Nearly two years prior to the New York trip, Diana made headlines in April 1987 when she attended the opening of the U.K.’s first AIDS ward at Middlesex Hospital in London. She reportedly refused to wear gloves during her visit and shook hands with 12 adult male patients suffering from the disease. Brown describes the decision as “the shake felt round the world.”

Last year, Professor Rob Miller, who was a doctor on the hospital’s AIDS ward at the time of Diana’s visit, wrote that stigma around the disease was so intense that many hospital staffers would not even tell their families that they worked with AIDS patients, and none of the patients themselves wanted to be photographed.

But as the Daily Mirror reported at the time, Diana insisted on being photographed shaking hands with one of them without gloves, knowing the power the image would have. One man finally agreed to have his picture taken from behind so that he could not be identified.

Miller wrote that Diana “showed the world that HIV cannot be acquired by everyday contact. It marked the start of her outstanding efforts to help change public and media attitudes towards people with HIV.”

Brown writes that Professor Michael Adler, who also worked with AIDS patients at Middlesex Hospital at the time, credited the Princess with helping to destigmatize the disease. “It was seen to be mainly occurring amongst gay men and it involved sex, all things we are not good at handling,” Adler said. “But she actually cut through that. She gave it respectability and profile.”

“If a royal was allowed to go in and shake a patient’s hands, somebody at the bus stop or the supermarket could do the same,” John O’Reilly, a nurse who was present for Diana’s visit, told the BBC in 2017. “That really educated people.”

Diana brought that same message to Harlem two years later. “HIV does not make people dangerous to know. You can shake their hands and give them a hug,” she said in a speech. “Heaven knows they need it. What’s more, you can share their homes, their workplaces, and their playgrounds and toys.”

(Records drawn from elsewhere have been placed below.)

text \<open>\<open>fs.dim\<close> is \<open>0\<close> on sets without a finite basis, so the bound \<open>S \<subseteq> carrier_n n\<close>
  is essential.\<close>

lemma card_le_dim_of_independent:
  assumes "S \<subseteq> carrier_n n" "V \<subseteq> S" "fs.independent V"
  shows "card V \<le> fs.dim (S :: (nat \<Rightarrow> 'a::field) set)"
proof -
  obtain B where B: "B \<subseteq> S" "fs.independent B" "S \<subseteq> fs.span B" "card B = fs.dim S"
    using fs.basis_exists by blast
  have "B \<subseteq> fs.span (basis_vec ` {1..n})"
    using B(1) assms(1) carrier_n_subset_span by blast
  then have "finite B"
    using fs.independent_span_bound[of "basis_vec ` {1..n}" B] B(2) by auto
  then show ?thesis
    using fs.independent_span_bound[of B V] assms B by auto
qed

lemma card_le_dim_of_unit_family:
  assumes S: "S \<subseteq> carrier_n n" and "finite J" and w_in: "\<And>j. j \<in> J \<Longrightarrow> w j \<in> S"
    and w_unit: "\<And>j j'. j \<in> J \<Longrightarrow> j' \<in> J \<Longrightarrow> w j j' = (if j' = j then 1 else (0::'a::field))"
  shows "card J \<le> fs.dim S"
proof -
  have inj: "inj_on w J"
  proof (rule inj_onI)
    fix a b assume "a \<in> J" "b \<in> J" "w a = w b"
    then have "w a a = w b a" by simp
    then show "a = b" using w_unit \<open>a \<in> J\<close> \<open>b \<in> J\<close> by (auto split: if_splits)
  qed
  have "fs.independent (w ` J)"
  proof (rule fs.independent_if_scalars_zero)
    fix f x assume s: "(\<Sum>x\<in>w ` J. fscale (f x) x) = 0" and "x \<in> w ` J"
    then obtain j1 where j1: "j1 \<in> J" "x = w j1" by auto
    have "0 = (\<Sum>x\<in>w ` J. fscale (f x) x) j1"
      using s by simp
    also have "\<dots> = (\<Sum>j\<in>J. f (w j) * w j j1)"
      by (simp add: sum_fun_apply sum.reindex[OF inj] fscale_def)
    also have "\<dots> = (\<Sum>j\<in>J. if j = j1 then f (w j1) else 0)"
      by (rule sum.cong) (auto simp: w_unit j1)
    also have "\<dots> = f (w j1)"
      using \<open>finite J\<close> j1 by simp
    finally show "f x = 0" using j1 by simp
  qed (use \<open>finite J\<close> in simp)
  moreover have "w ` J \<subseteq> S"
    using w_in by blast
  ultimately have "card (w ` J) \<le> fs.dim S"
    using card_le_dim_of_independent[OF S] by blast
  then show ?thesis
    using card_image[OF inj] by simp
qed

text \<open>For \<open>c j\<^sub>0 \<noteq> 0\<close> the vectors \<open>hyperplane_vec c j\<^sub>0 j\<close>, \<open>j \<in> J - {j\<^sub>0}\<close>, form a basis of
  the hyperplane \<open>\<Sum>j\<in>J. c j * y j = 0\<close> among the vectors supported on \<open>J\<close>.\<close>

definition hyperplane_vec :: "(nat \<Rightarrow> 'a::field) \<Rightarrow> nat \<Rightarrow> nat \<Rightarrow> nat \<Rightarrow> 'a" where
  "hyperplane_vec c j0 j = basis_vec j - fscale (c j / c j0) (basis_vec j0)"

lemma hyperplane_vec_apply:
  "hyperplane_vec c j0 j m = basis_vec j m - c j / c j0 * basis_vec j0 m"
  by (simp add: hyperplane_vec_def fscale_def)

lemma hyperplane_vec_in_carrier_n:
  "j \<in> {1..n} \<Longrightarrow> j0 \<in> {1..n} \<Longrightarrow> hyperplane_vec c j0 j \<in> carrier_n n"
  unfolding hyperplane_vec_def
  by (intro fs.subspace_diff[OF subspace_carrier_n] fs.subspace_scale[OF subspace_carrier_n]
      basis_vec_in_carrier_n)
lemma rank_eq_2_iff:
  fixes X :: "'a::field^3^3"
  shows "rank X = 2 \<longleftrightarrow> det X = 0 \<and> (\<exists>a b. cross (row a X) (row b X) \<noteq> 0)"
proof
  assume "rank X = 2"
  then show "det X = 0 \<and> (\<exists>a b. cross (row a X) (row b X) \<noteq> 0)"
    using rank_3_if_det_nonzero rank_le_1_if_cross_rows by fastforce
next
  assume "det X = 0 \<and> (\<exists>a b. cross (row a X) (row b X) \<noteq> 0)"
  moreover obtain w where "w \<noteq> 0" "w v* X = 0"
    using calculation det_eq_0_iff_ker[of "transpose X"] by (auto simp: det_transpose)
  ultimately show "rank X = 2"
    using rank_le_2_if_left_ker rank_ge_2_if_cross_rows by (metis le_antisym)
qed

lemma rank_eq_2_transpose:
  fixes X :: "'a::field^3^3"
  shows "rank (transpose X) = 2 \<longleftrightarrow> rank X = 2"
proof -
  have "(\<forall>a b. cross (row a X) (row b X) = 0) \<longleftrightarrow> (\<forall>a b. cross (column a X) (column b X) = 0)"
    by (simp add: forall_3 vec3_eq_0_iff row_def column_def algebra_simps)
      (auto simp: algebra_simps)
  then show ?thesis
    unfolding rank_eq_2_iff det_transpose row_transpose by blast
qed

lemma rank_2_ker_parallel:
  fixes X :: "'a::field^3^3"
  assumes "rank X = 2" "X *v u = 0" "u \<noteq> 0" "X *v v = 0"
  shows "\<exists>\<mu>. v = \<mu> *s u"
proof (cases "cross u v = 0")
  case True
  then show ?thesis using cross_eq_0_imp_parallel[OF assms(3)] by blast
next
  case False
  \<comment> \<open>otherwise every row, being orthogonal to \<open>u\<close> and \<open>v\<close>, is parallel to their cross product,
    and the rank would be at most one\<close>
  have "rows X \<subseteq> vec.span {cross u v}"
  proof
    fix r assume "r \<in> rows X"
    then obtain i where i: "r = row i X" by (auto simp: rows_def)
    have "dot u r = 0" "dot v r = 0"
      using dot_row[of i X u] dot_row[of i X v] assms(2,4) i by (simp_all add: dot_commute)
    then obtain \<mu> where "r = \<mu> *s cross u v"
      using orthogonal_two_imp_parallel_cross False by blast
    then show "r \<in> vec.span {cross u v}" by (auto simp: vec.span_singleton)
  qed
  then have "vec.dim (rows X) \<le> card {cross u v}" by (intro vec.dim_le_card) auto
  then show ?thesis using assms(1) by (simp add: row_rank_def_gen)
qed

section \<open>Pencils of matrices\<close>

lemma msc_nth [simp]: "msc c M $ i $ j = c * M$i$j"
  by (simp add: msc_def)

lemma msc_eq_0_iff: "msc c X = 0 \<longleftrightarrow> c = 0 \<or> X = 0"
  by (auto simp: vec_eq_iff)

lemma msc_0 [simp]: "msc 0 X = 0"
  by (simp add: vec_eq_iff)

lemma msc_1 [simp]: "msc 1 X = X"
  by (simp add: vec_eq_iff)

lemma msc_msc: "msc a (msc b X) = msc (a * b) X"
  by (simp add: vec_eq_iff)
definition rho :: "nat \<Rightarrow> nat \<Rightarrow> int \<Rightarrow> nat \<Rightarrow> real" where
  "rho m l r t = (\<Sum>j\<in>{j\<in>{0..<(2::int) ^ (m + l)}.
       2 ^ (t - 1) \<le> \<bar>alpha_r m l r j\<bar> \<and> \<bar>alpha_r m l r j\<bar> < 2 ^ t}. freq_prob m l r j)"

end

theory Submission
  imports Defs "HOL-Computational_Algebra.Primes"
begin

text \<open>
  A frequency j has probability at most \<open>r (B / 2^(m+l))\<^sup>2\<close> as soon as all partial sums
  \<open>\<Sum>b<k. cis (\<theta> b)\<close> with \<open>k \<le> L + 1\<close> have modulus at most B. If \<open>|\<alpha>\<^sub>r(j)| \<ge> 2^(t-1)\<close>,
  summing the geometric series and applying Jordan's inequality gives \<open>B = 2^(m+l) / 2^t\<close>,
  hence probability at most \<open>r / 4^t\<close>; the trivial bound \<open>B = L + 1\<close> gives \<open>9 / (4 r)\<close>
  once \<open>2 r \<le> 2^(m+l)\<close>. On the counting side, \<open>\<alpha>\<^sub>r(j)\<close> is a multiple of the power of two
  \<open>d = gcd r 2^(m+l)\<close> and each value is taken by at most d frequencies, so at most \<open>2^t\<close>
  frequencies lie in the shell \<open>2^(t-1) \<le> |\<alpha>\<^sub>r(j)| < 2^t\<close>. Hence \<open>\<rho>(t) \<le> r / 2^t \<le> 2^(m-t)\<close>,
  and for \<open>r \<ge> 2^(m-1)\<close> also \<open>\<rho>(t) \<le> 2^t \<cdot> 9 / (4 r) \<le> 2^(t+3-m)\<close>.
\<close>

lemma abs_cres_le:
  fixes N :: int assumes "0 < N"
  shows "2 * \<bar>cres u N\<bar> \<le> N"
proof -
  define h where "h = N div 2"
  define v where "v = (u + h) mod N"
  have "0 \<le> v" "v < N"
    using assms by (simp_all add: v_def)
  moreover have "2 * h \<le> N" "N \<le> 2 * h + 1"
    unfolding h_def by linarith+
  ultimately show ?thesis
    unfolding cres_def h_def[symmetric] v_def[symmetric] by arith
qed

lemma cres_mod: "cres u N mod N = u mod N"
  by (simp add: cres_def mod_diff_left_eq)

The Crown, famously, has taken liberties with its depictions of historical events and its interpretations of what may have gone on behind the scenes in the lives of the British royals. Netflix even went so far as to add a disclaimer to the trailer for Season 5 clarifying that the series is a work of fiction “inspired by real events.”

Naturally, series creator and head writer Peter Morgan has filled the show with imagined interactions, conversations, and scenarios that may or may not have happened behind closed doors to create a compelling drama. Focused as it is primarily on the Queen and her direct heirs, there’s also plenty of history that the series has glossed over or left out entirely — like the passage, under Thatcher, of Section 28, a 1988 law banning the “promotion of homosexuality.”

Indeed, over the course of its six seasons, The Crown has featured few depictions of LGBTQ+ people and nothing of the movement for LGBTQ+ rights in the U.K. It’s dismaying, then, that Morgan and co. failed to take advantage of Diana’s support for and closeness with gay people to introduce and examine this essential part of late 20th-century history.

As Brown writes in The Diana Chronicles, “gay men formed much of the support network of Diana’s life,” and her friends in the fashion industry and gay members of palace staff “brought the specter of the [HIV/AIDS] home” to the princess every day. “As AIDS took its toll in the 1980s, she couldn’t bear to see her friends in such peril.”

While the Princess’s New York trip fits more neatly into Season 4’s narrative arc, it apparently comes at the expense of the Middlesex Hospital visit two years earlier. It also troublingly elides the role gay men played both in her life and activism in favor of the seemingly more palatable, more “sympathetic” pediatric AIDS patients.

The power of the Middlesex Hospital visit and the photo of Diana shaking hands with a gay man who would later die from the disease came from the fact that it showed her reaching out, embracing people that society would have preferred to ignore. As compelling as The Crown is, its creators’ decision to likewise ignore this aspect of Diana’s life and activism is a misstep we shouldn’t forget.